What you need to do →
Print the data again, exactly.

Saved data entries →
lemma valency_eq_card:
  assumes "c \<le> d" "y \<in> X"
  shows "valency X d R c = card {t \<in> X. (y, t) \<in> R c}"
  using inum_eq_card[OF assms(1) conv_idx_le[OF assms(1)] _ diagonal_in_R0[OF assms(2)]]
  by (simp add: valency_def mem_conv_idx_iff assms(1))

lemma exists_other_neighbour:
  assumes "c \<le> d" "2 \<le> valency X d R c" "(y, w) \<in> R c"
  obtains w' where "(y, w') \<in> R c" "w' \<noteq> w"
proof -
  have "y \<in> X" using rel_subset[OF assms(1)] assms(3) by auto
  then have "2 \<le> card {t \<in> X. (y, t) \<in> R c}"
    using assms(2) valency_eq_card[OF assms(1)] by simp
  then have "\<not> {t \<in> X. (y, t) \<in> R c} \<subseteq> {w}"
    using card_mono[of "{w}" "{t \<in> X. (y, t) \<in> R c}"] by auto
  then show thesis using that by blast
qed

lemma cplx_prod_memI:
  assumes "a \<le> d" "b \<le> d" "c \<le> d" "(m, t) \<in> R a" "(t, n) \<in> R b" "(m, n) \<in> R c"
  shows "c \<in> cplx_prod X d R a b"
proof -
  have "t \<in> {s \<in> X. (m, s) \<in> R a \<and> (s, n) \<in> R b}"
    using rel_subset[OF assms(1)] assms(4,5) by auto
  then have "inum X R a b c > 0"
    using inum_eq_card[OF assms(1-3,6)] finite_X by (auto simp: card_gt_0_iff)
  then show ?thesis using assms(3) by (simp add: cplx_prod_def)
qed

lemma singleton_cplx_prod_rel:
  assumes "u \<le> d" "v \<le> d" "r \<le> d" "card (cplx_prod X d R (conv_idx d R u) v) = 1"
    and "(y, z) \<in> R v" "(y, w) \<in> R u" "(y, w') \<in> R u" "(w, z) \<in> R r"
  shows "(w', z) \<in> R r"
proof -
  obtain q where q: "cplx_prod X d R (conv_idx d R u) v = {q}"
    using assms(4) by (auto simp: card_Suc_eq)
  have u': "conv_idx d R u \<le> d" using conv_idx_le[OF assms(1)] .
  have "w' \<in> X" "z \<in> X"
    using rel_subset assms(1,2,5,7) by blast+
  then obtain r' where r': "r' \<le> d" "(w', z) \<in> R r'"
    by (rule rel_exists)
  have "r \<in> cplx_prod X d R (conv_idx d R u) v" "r' \<in> cplx_prod X d R (conv_idx d R u) v"
    using cplx_prod_memI[OF u' assms(2)] assms r' mem_conv_idx_iff[OF assms(1)] by blast+
  with q r' show ?thesis by simp
qed

lemma triple_prod_eq:
  assumes "i \<le> d" "l \<le> d"
  shows "triple_prod TYPE('f::field) X R y i j l x z =
    (if (y, x) \<in> R i \<and> (x, z) \<in> R j \<and> (y, z) \<in> R l then 1 else 0)"
  using rel_subset[OF assms(1)] rel_subset[OF assms(2)]
  by (auto simp: triple_prod_def mat_mult_dual_idem_left mat_mult_dual_idem_right finite_X adj_mat_def)

lemma triple_prod_in_span:
  assumes "i \<le> d" "j \<le> d" "l \<le> d"
  shows "triple_prod TYPE('f::field) X R y i j l \<in> triple_span TYPE('f) X d R y"
  unfolding triple_span_def
proof (intro CollectI exI ext)
  fix x z
  have "(\<Sum>(i', j', l')\<in>{0..d} \<times> {0..d} \<times> {0..d}.
       (if (i', j', l') = (i, j, l) then 1 else 0) * triple_prod TYPE('f) X R y i' j' l' x z) =
    (\<Sum>p\<in>{0..d} \<times> {0..d} \<times> {0..d}. if p = (i, j, l) then triple_prod TYPE('f) X R y i j l x z else 0)"
    by (rule sum.cong) (auto split: if_splits)
  then show "triple_prod TYPE('f) X R y i j l x z =
    (\<Sum>(i', j', l')\<in>{0..d} \<times> {0..d} \<times> {0..d}.
       (if (i', j', l') = (i, j, l) then 1 else 0) * triple_prod TYPE('f) X R y i' j' l' x z)"
    using assms by simp
qed

lemma triple_span_entry_eq:
  assumes "M \<in> triple_span TYPE('f::field) X d R y"
    and "p \<le> d" "q \<le> d" "s \<le> d"
    and "(y, x) \<in> R p" "(x, z) \<in> R q" "(y, z) \<in> R s"
    and "(y, x') \<in> R p" "(x', z') \<in> R q" "(y, z') \<in> R s"
  shows "M x z = M x' z'"
proof -
  obtain c :: "nat \<times> nat \<times> nat \<Rightarrow> 'f" where M: "M = (\<lambda>x z.
      \<Sum>(i, j, l)\<in>{0..d} \<times> {0..d} \<times> {0..d}. c (i, j, l) * triple_prod TYPE('f) X R y i j l x z)"
    using assms(1) unfolding triple_span_def by blast
  have "triple_prod TYPE('f) X R y i j l x z = triple_prod TYPE('f) X R y i j l x' z'"
    if "i \<le> d" "j \<le> d" "l \<le> d" for i j l
  proof -
    have "(y, x) \<in> R i \<longleftrightarrow> (y, x') \<in> R i" "(x, z) \<in> R j \<longleftrightarrow> (x', z') \<in> R j"
      "(y, z) \<in> R l \<longleftrightarrow> (y, z') \<in> R l"
      using mem_rel_iff that assms(2-) by meson+
    then show ?thesis using that by (simp add: triple_prod_eq)
  qed
  then show ?thesis
    unfolding M by (intro sum.cong) auto
qed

Completed exercise →
lemma valency_eq_card:
  assumes "c \<le> d" "y \<in> X"
  shows "valency X d R c = card {t \<in> X. (y, t) \<in> R c}"
  using inum_eq_card[OF assms(1) conv_idx_le[OF assms(1)] _ diagonal_in_R0[OF assms(2)]]
  by (simp add: valency_def mem_conv_idx_iff assms(1))

lemma exists_other_neighbour:
  assumes "c \<le> d" "2 \<le> valency X d R c" "(y, w) \<in> R c"
  obtains w' where "(y, w') \<in> R c" "w' \<noteq> w"
proof -
  have "y \<in> X" using rel_subset[OF assms(1)] assms(3) by auto
  then have "2 \<le> card {t \<in> X. (y, t) \<in> R c}"
    using assms(2) valency_eq_card[OF assms(1)] by simp
  then have "\<not> {t \<in> X. (y, t) \<in> R c} \<subseteq> {w}"
    using card_mono[of "{w}" "{t \<in> X. (y, t) \<in> R c}"] by auto
  then show thesis using that by blast
qed

lemma cplx_prod_memI:
  assumes "a \<le> d" "b \<le> d" "c \<le> d" "(m, t) \<in> R a" "(t, n) \<in> R b" "(m, n) \<in> R c"
  shows "c \<in> cplx_prod X d R a b"
proof -
  have "t \<in> {s \<in> X. (m, s) \<in> R a \<and> (s, n) \<in> R b}"
    using rel_subset[OF assms(1)] assms(4,5) by auto
  then have "inum X R a b c > 0"
    using inum_eq_card[OF assms(1-3,6)] finite_X by (auto simp: card_gt_0_iff)
  then show ?thesis using assms(3) by (simp add: cplx_prod_def)
qed

lemma singleton_cplx_prod_rel:
  assumes "u \<le> d" "v \<le> d" "r \<le> d" "card (cplx_prod X d R (conv_idx d R u) v) = 1"
    and "(y, z) \<in> R v" "(y, w) \<in> R u" "(y, w') \<in> R u" "(w, z) \<in> R r"
  shows "(w', z) \<in> R r"
proof -
  obtain q where q: "cplx_prod X d R (conv_idx d R u) v = {q}"
    using assms(4) by (auto simp: card_Suc_eq)
  have u': "conv_idx d R u \<le> d" using conv_idx_le[OF assms(1)] .
  have "w' \<in> X" "z \<in> X"
    using rel_subset assms(1,2,5,7) by blast+
  then obtain r' where r': "r' \<le> d" "(w', z) \<in> R r'"
    by (rule rel_exists)
  have "r \<in> cplx_prod X d R (conv_idx d R u) v" "r' \<in> cplx_prod X d R (conv_idx d R u) v"
    using cplx_prod_memI[OF u' assms(2)] assms r' mem_conv_idx_iff[OF assms(1)] by blast+
  with q r' show ?thesis by simp
qed

lemma triple_prod_eq:
  assumes "i \<le> d" "l \<le> d"
  shows "triple_prod TYPE('f::field) X R y i j l x z =
    (if (y, x) \<in> R i \<and> (x, z) \<in> R j \<and> (y, z) \<in> R l then 1 else 0)"
  using rel_subset[OF assms(1)] rel_subset[OF assms(2)]
  by (auto simp: triple_prod_def mat_mult_dual_idem_left mat_mult_dual_idem_right finite_X adj_mat_def)

lemma triple_prod_in_span:
  assumes "i \<le> d" "j \<le> d" "l \<le> d"
  shows "triple_prod TYPE('f::field) X R y i j l \<in> triple_span TYPE('f) X d R y"
  unfolding triple_span_def
proof (intro CollectI exI ext)
  fix x z
  have "(\<Sum>(i', j', l')\<in>{0..d} \<times> {0..d} \<times> {0..d}.
       (if (i', j', l') = (i, j, l) then 1 else 0) * triple_prod TYPE('f) X R y i' j' l' x z) =
    (\<Sum>p\<in>{0..d} \<times> {0..d} \<times> {0..d}. if p = (i, j, l) then triple_prod TYPE('f) X R y i j l x z else 0)"
    by (rule sum.cong) (auto split: if_splits)
  then show "triple_prod TYPE('f) X R y i j l x z =
    (\<Sum>(i', j', l')\<in>{0..d} \<times> {0..d} \<times> {0..d}.
       (if (i', j', l') = (i, j, l) then 1 else 0) * triple_prod TYPE('f) X R y i' j' l' x z)"
    using assms by simp
qed

lemma triple_span_entry_eq:
  assumes "M \<in> triple_span TYPE('f::field) X d R y"
    and "p \<le> d" "q \<le> d" "s \<le> d"
    and "(y, x) \<in> R p" "(x, z) \<in> R q" "(y, z) \<in> R s"
    and "(y, x') \<in> R p" "(x', z') \<in> R q" "(y, z') \<in> R s"
  shows "M x z = M x' z'"
proof -
  obtain c :: "nat \<times> nat \<times> nat \<Rightarrow> 'f" where M: "M = (\<lambda>x z.
      \<Sum>(i, j, l)\<in>{0..d} \<times> {0..d} \<times> {0..d}. c (i, j, l) * triple_prod TYPE('f) X R y i j l x z)"
    using assms(1) unfolding triple_span_def by blast
  have "triple_prod TYPE('f) X R y i j l x z = triple_prod TYPE('f) X R y i j l x' z'"
    if "i \<le> d" "j \<le> d" "l \<le> d" for i j l
  proof -
    have "(y, x) \<in> R i \<longleftrightarrow> (y, x') \<in> R i" "(x, z) \<in> R j \<longleftrightarrow> (x', z') \<in> R j"
      "(y, z) \<in> R l \<longleftrightarrow> (y, z') \<in> R l"
      using mem_rel_iff that assms(2-) by meson+
    then show ?thesis using that by (simp add: triple_prod_eq)
  qed
  then show ?thesis
    unfolding M by (intro sum.cong) auto
qed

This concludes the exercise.